▸ **What you will do**: Your task is to transcribe, without alteration, the lines from the top of the material below through the line bearing "(\<forall>j<r. P j", inclusive.

____ Exercise data

lemma matroid_augment_to_card:
  assumes M: "matroid n M" and "A \<in> M" "B \<in> M" "card A \<le> card B"
  shows "\<exists>C\<in>M. A \<subseteq> C \<and> C \<subseteq> A \<union> B \<and> card C = card B"
  using assms(2-4)
proof (induction "card B - card A" arbitrary: A)
  case 0
  then show ?case by auto
next
  case (Suc d)
  then have "card A < card B"
    by linarith
  then obtain x where x: "x \<in> B - A" "insert x A \<in> M"
    using matroid_augment[OF M Suc.prems(1,2)] by blast
  have "card (insert x A) = Suc (card A)"
    using x matroid_finite[OF M \<open>A \<in> M\<close>] by simp
  then have "d = card B - card (insert x A)" "card (insert x A) \<le> card B"
    using Suc.hyps(2) by linarith+
  then obtain C where "C \<in> M" "insert x A \<subseteq> C" "C \<subseteq> insert x A \<union> B" "card C = card B"
    using Suc.hyps(1) Suc.prems(2) x(2) by blast
  then show ?case using x by blast
qed

definition union_partition :: "nat set set \<Rightarrow> nat \<Rightarrow> (nat \<Rightarrow> nat set) \<Rightarrow> nat set \<Rightarrow> bool" where
  "union_partition M r P A \<longleftrightarrow>
     (\<forall>j<r. P j \<in> M) \<and> disjoint_family_on P {..<r} \<and> A = (\<Union>j<r. P j)"

lemma mem_matroid_union_pow: "A \<in> matroid_union_pow M r \<longleftrightarrow> (\<exists>P. union_partition M r P A)"
  unfolding matroid_union_pow_def union_partition_def by blast

lemma card_union_partition:
  assumes "matroid n M" "union_partition M r P A"
  shows "card A = (\<Sum>j<r. card (P j))"
proof -
  have P: "\<forall>j<r. P j \<in> M" "disjoint_family_on P {..<r}" "A = (\<Union>j<r. P j)"
    using assms(2) unfolding union_partition_def by blast+
  show ?thesis unfolding P(3)
    by (rule card_UN_disjoint) (use P matroid_finite[OF assms(1)] disjoint_family_onD[OF P(2)] in auto)
qed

________

▸ **Answer to this problem**:
lemma matroid_augment_to_card:
  assumes M: "matroid n M" and "A \<in> M" "B \<in> M" "card A \<le> card B"
  shows "\<exists>C\<in>M. A \<subseteq> C \<and> C \<subseteq> A \<union> B \<and> card C = card B"
  using assms(2-4)
proof (induction "card B - card A" arbitrary: A)
  case 0
  then show ?case by auto
next
  case (Suc d)
  then have "card A < card B"
    by linarith
  then obtain x where x: "x \<in> B - A" "insert x A \<in> M"
    using matroid_augment[OF M Suc.prems(1,2)] by blast
  have "card (insert x A) = Suc (card A)"
    using x matroid_finite[OF M \<open>A \<in> M\<close>] by simp
  then have "d = card B - card (insert x A)" "card (insert x A) \<le> card B"
    using Suc.hyps(2) by linarith+
  then obtain C where "C \<in> M" "insert x A \<subseteq> C" "C \<subseteq> insert x A \<union> B" "card C = card B"
    using Suc.hyps(1) Suc.prems(2) x(2) by blast
  then show ?case using x by blast
qed

definition union_partition :: "nat set set \<Rightarrow> nat \<Rightarrow> (nat \<Rightarrow> nat set) \<Rightarrow> nat set \<Rightarrow> bool" where
  "union_partition M r P A \<longleftrightarrow>
     (\<forall>j<r. P j \<in> M) \<and> disjoint_family_on P {..<r} \<and> A = (\<Union>j<r. P j)"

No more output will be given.